[EXERCISE OBJECTIVE]
Give again, unaltered, the lines of the listing below that run from the line having "surplus to \<open>p\<^sub>i\<close>" through the line having "nat \<Rightarrow> nat \<Rightarrow>".

[DATA SECTION]
============================================================

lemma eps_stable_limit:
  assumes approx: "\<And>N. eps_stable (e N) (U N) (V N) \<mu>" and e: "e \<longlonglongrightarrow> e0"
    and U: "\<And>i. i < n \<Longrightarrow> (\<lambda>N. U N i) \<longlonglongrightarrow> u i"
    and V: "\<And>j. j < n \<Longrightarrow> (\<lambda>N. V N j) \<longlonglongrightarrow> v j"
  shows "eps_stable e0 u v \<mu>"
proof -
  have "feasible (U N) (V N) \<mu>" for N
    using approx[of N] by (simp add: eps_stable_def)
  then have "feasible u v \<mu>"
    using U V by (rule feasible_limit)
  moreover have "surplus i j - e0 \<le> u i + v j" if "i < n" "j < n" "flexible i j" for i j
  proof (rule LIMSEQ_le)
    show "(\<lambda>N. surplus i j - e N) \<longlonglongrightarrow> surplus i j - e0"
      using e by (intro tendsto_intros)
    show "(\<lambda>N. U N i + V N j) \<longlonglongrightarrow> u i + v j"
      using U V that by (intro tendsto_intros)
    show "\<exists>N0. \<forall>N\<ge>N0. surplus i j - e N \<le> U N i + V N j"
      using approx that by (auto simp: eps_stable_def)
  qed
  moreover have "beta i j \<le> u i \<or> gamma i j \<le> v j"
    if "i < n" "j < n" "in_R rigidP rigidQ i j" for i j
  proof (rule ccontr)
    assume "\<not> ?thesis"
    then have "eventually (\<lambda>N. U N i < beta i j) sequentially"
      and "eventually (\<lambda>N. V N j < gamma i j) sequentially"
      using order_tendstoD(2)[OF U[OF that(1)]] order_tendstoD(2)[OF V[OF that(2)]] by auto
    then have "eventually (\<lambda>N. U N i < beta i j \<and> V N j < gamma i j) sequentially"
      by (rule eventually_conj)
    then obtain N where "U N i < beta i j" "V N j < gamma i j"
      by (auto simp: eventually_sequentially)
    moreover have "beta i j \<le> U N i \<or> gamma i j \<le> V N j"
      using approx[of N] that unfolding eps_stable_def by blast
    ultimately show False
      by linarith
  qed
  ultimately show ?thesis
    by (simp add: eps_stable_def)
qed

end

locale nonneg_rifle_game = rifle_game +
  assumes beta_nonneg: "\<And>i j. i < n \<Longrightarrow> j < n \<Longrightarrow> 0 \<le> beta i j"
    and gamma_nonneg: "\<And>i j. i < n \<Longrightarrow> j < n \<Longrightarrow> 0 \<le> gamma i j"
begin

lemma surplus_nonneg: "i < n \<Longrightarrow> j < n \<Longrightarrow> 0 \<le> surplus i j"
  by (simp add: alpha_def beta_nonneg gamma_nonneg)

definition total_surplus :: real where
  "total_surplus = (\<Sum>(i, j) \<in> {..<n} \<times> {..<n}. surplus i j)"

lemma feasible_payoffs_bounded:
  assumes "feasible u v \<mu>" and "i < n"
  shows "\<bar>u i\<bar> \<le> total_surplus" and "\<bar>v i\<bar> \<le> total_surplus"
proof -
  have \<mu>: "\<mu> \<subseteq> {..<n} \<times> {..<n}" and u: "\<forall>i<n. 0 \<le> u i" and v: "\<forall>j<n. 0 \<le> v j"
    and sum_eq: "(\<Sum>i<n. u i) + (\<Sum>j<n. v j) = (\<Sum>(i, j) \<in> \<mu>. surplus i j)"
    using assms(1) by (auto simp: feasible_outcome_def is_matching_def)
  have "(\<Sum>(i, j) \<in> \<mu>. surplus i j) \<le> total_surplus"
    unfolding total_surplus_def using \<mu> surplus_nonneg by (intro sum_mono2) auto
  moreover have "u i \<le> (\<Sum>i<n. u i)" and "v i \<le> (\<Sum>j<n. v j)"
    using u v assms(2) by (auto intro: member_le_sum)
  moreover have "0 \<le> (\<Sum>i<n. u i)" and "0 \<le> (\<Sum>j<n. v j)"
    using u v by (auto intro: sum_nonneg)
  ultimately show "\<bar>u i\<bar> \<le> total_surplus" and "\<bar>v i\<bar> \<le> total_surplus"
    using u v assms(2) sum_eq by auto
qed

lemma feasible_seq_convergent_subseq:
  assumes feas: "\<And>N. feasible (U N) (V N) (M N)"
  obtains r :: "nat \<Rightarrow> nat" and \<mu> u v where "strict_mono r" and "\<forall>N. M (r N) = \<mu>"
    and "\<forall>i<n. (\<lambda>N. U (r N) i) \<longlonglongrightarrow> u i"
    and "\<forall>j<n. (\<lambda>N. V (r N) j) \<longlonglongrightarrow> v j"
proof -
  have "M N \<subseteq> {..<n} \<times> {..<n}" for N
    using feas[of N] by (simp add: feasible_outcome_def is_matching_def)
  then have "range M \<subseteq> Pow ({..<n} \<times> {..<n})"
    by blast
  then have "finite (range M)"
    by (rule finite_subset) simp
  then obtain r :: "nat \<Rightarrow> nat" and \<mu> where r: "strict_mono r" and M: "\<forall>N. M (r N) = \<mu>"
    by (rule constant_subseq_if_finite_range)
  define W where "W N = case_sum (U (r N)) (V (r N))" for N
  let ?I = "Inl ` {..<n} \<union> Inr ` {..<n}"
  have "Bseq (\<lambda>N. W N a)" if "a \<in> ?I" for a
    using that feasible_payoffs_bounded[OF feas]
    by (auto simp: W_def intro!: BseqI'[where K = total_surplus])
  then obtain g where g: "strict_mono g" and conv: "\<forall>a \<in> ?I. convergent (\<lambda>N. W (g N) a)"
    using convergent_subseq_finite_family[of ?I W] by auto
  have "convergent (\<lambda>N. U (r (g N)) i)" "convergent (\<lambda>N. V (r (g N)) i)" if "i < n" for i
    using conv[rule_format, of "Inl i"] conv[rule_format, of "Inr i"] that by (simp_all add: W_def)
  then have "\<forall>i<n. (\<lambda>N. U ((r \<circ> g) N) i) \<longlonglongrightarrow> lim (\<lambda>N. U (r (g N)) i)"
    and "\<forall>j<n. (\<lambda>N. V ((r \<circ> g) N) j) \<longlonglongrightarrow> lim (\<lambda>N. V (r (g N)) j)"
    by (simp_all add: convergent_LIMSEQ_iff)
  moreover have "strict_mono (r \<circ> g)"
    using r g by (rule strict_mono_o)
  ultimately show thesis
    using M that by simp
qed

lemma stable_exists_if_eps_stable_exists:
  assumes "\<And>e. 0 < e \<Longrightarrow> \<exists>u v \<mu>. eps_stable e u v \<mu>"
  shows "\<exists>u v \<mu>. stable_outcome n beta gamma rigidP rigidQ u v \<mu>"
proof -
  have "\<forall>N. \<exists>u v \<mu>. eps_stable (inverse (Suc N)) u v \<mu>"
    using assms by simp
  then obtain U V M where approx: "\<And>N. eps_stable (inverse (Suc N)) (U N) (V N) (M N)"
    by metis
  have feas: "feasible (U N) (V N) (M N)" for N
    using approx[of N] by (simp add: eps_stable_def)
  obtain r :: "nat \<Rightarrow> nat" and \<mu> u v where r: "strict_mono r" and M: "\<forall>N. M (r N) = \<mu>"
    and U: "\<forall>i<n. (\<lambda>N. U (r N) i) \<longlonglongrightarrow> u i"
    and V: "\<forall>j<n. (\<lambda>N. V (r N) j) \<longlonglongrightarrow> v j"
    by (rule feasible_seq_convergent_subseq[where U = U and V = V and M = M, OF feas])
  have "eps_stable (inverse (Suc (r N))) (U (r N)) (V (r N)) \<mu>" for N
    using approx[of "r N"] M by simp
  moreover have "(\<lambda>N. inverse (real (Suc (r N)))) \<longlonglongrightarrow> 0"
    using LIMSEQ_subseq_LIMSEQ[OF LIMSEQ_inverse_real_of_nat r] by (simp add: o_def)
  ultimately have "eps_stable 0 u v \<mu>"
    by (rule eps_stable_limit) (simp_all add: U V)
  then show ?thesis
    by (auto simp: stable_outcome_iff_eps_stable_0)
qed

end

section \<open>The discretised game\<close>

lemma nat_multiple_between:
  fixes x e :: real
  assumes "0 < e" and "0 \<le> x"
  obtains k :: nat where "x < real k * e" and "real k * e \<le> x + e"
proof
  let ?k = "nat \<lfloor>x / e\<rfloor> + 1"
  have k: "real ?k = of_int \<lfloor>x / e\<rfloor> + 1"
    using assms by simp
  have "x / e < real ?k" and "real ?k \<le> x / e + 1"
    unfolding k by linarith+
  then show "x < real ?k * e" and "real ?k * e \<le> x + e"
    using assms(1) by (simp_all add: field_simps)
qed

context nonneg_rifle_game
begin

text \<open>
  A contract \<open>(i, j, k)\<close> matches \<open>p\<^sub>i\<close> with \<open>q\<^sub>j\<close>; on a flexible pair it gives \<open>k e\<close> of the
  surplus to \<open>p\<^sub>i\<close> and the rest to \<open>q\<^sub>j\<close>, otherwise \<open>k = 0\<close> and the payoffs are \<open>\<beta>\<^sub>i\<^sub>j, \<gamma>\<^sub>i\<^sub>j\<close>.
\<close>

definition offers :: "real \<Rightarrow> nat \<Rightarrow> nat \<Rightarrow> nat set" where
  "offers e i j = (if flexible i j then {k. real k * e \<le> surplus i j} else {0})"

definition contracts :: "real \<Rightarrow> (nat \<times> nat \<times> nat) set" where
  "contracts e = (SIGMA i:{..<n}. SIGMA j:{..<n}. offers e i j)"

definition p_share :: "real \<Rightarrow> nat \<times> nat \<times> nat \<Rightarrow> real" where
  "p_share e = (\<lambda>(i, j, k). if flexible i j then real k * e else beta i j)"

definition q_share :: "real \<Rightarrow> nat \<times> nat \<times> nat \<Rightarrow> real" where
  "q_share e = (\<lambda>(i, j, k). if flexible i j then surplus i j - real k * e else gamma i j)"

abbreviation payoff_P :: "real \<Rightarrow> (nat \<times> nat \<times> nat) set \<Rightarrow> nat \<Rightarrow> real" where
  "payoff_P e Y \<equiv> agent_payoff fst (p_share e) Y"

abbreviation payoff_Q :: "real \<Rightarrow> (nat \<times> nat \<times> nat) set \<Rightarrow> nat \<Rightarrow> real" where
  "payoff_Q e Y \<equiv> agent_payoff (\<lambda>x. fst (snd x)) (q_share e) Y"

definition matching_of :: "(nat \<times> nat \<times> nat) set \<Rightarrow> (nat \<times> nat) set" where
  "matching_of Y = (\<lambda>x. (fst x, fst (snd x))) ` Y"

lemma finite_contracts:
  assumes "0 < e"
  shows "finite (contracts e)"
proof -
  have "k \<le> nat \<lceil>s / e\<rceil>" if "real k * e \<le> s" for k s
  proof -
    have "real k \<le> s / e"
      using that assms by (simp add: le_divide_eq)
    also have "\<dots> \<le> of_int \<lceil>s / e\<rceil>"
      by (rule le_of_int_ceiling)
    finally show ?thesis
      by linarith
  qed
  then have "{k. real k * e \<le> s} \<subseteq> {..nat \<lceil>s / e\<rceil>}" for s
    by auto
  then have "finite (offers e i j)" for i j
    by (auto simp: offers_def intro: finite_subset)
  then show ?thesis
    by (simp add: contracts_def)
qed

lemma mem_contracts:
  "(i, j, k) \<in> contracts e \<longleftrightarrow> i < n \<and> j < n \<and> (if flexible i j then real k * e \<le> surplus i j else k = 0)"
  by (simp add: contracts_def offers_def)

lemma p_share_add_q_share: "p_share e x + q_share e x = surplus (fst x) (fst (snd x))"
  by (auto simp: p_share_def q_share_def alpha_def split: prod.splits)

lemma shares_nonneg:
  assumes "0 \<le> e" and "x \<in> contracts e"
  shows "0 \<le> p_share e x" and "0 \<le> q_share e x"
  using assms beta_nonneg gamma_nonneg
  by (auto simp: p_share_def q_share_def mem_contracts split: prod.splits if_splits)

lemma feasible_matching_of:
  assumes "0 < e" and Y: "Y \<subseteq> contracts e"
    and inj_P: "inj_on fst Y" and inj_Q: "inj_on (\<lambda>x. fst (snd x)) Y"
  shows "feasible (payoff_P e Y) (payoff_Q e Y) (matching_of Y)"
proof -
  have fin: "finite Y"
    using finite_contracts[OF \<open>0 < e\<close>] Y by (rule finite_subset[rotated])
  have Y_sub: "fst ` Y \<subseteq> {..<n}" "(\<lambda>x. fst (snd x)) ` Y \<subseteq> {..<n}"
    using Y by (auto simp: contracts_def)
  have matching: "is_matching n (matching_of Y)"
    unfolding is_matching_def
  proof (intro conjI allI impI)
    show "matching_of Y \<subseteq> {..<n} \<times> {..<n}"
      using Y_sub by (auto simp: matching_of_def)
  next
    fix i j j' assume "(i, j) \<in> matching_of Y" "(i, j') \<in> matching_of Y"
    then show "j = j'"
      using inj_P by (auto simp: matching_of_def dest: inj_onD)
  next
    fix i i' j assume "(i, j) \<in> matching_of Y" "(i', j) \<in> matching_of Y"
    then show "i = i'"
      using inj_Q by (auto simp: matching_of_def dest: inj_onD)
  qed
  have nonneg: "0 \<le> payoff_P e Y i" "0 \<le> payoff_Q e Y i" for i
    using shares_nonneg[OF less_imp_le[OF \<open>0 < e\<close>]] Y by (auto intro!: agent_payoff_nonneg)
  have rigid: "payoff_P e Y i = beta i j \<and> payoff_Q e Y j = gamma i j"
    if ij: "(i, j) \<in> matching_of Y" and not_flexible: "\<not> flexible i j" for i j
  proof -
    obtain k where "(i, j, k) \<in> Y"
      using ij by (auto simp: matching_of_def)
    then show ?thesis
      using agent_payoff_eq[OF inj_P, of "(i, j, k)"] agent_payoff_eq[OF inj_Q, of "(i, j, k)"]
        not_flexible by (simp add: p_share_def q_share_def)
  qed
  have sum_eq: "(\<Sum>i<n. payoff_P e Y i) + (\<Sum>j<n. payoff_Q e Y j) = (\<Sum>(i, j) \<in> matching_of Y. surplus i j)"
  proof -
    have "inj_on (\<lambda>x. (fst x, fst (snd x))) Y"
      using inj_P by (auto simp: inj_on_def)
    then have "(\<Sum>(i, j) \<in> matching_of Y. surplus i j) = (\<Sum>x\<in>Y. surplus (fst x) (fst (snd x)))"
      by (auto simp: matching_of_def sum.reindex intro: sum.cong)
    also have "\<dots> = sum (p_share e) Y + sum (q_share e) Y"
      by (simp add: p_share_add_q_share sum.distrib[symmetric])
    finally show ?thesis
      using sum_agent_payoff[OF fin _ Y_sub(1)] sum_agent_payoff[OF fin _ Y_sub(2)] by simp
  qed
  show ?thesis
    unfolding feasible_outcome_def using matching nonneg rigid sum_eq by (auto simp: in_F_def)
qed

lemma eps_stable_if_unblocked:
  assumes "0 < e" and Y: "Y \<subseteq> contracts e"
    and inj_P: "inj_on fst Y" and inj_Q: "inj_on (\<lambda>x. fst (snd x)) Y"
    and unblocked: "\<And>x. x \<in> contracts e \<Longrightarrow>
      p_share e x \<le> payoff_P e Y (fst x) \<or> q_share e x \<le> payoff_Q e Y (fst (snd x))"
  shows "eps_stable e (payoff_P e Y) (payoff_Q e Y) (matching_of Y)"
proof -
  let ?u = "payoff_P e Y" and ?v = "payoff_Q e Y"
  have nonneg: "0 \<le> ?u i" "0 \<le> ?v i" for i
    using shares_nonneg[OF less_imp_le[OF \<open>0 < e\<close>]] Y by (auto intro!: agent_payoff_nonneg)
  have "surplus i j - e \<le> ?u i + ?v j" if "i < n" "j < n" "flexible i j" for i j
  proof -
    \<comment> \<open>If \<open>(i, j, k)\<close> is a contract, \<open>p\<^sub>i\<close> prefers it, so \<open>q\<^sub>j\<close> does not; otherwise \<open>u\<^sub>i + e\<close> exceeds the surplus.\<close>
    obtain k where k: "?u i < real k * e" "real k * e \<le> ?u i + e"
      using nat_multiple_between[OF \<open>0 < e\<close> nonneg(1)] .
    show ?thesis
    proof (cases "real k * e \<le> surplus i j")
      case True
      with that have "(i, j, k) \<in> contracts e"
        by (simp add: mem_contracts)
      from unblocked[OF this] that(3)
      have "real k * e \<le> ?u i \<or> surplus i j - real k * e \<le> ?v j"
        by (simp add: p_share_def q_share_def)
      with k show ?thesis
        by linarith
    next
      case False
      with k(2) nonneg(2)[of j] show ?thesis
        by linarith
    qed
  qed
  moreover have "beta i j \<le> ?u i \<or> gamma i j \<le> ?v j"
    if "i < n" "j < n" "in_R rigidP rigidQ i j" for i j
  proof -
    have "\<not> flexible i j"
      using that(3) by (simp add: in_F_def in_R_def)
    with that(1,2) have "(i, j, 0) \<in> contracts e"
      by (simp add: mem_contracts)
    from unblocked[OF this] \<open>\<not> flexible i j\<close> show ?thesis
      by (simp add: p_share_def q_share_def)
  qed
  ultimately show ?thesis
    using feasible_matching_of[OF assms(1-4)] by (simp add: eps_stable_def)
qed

============================================================

[SOLUTION FOR THIS EXERCISE]
  surplus to \<open>p\<^sub>i\<close> and the rest to \<open>q\<^sub>j\<close>, otherwise \<open>k = 0\<close> and the payoffs are \<open>\<beta>\<^sub>i\<^sub>j, \<gamma>\<^sub>i\<^sub>j\<close>.
\<close>

definition offers :: "real \<Rightarrow> nat \<Rightarrow> nat \<Rightarrow> nat set" where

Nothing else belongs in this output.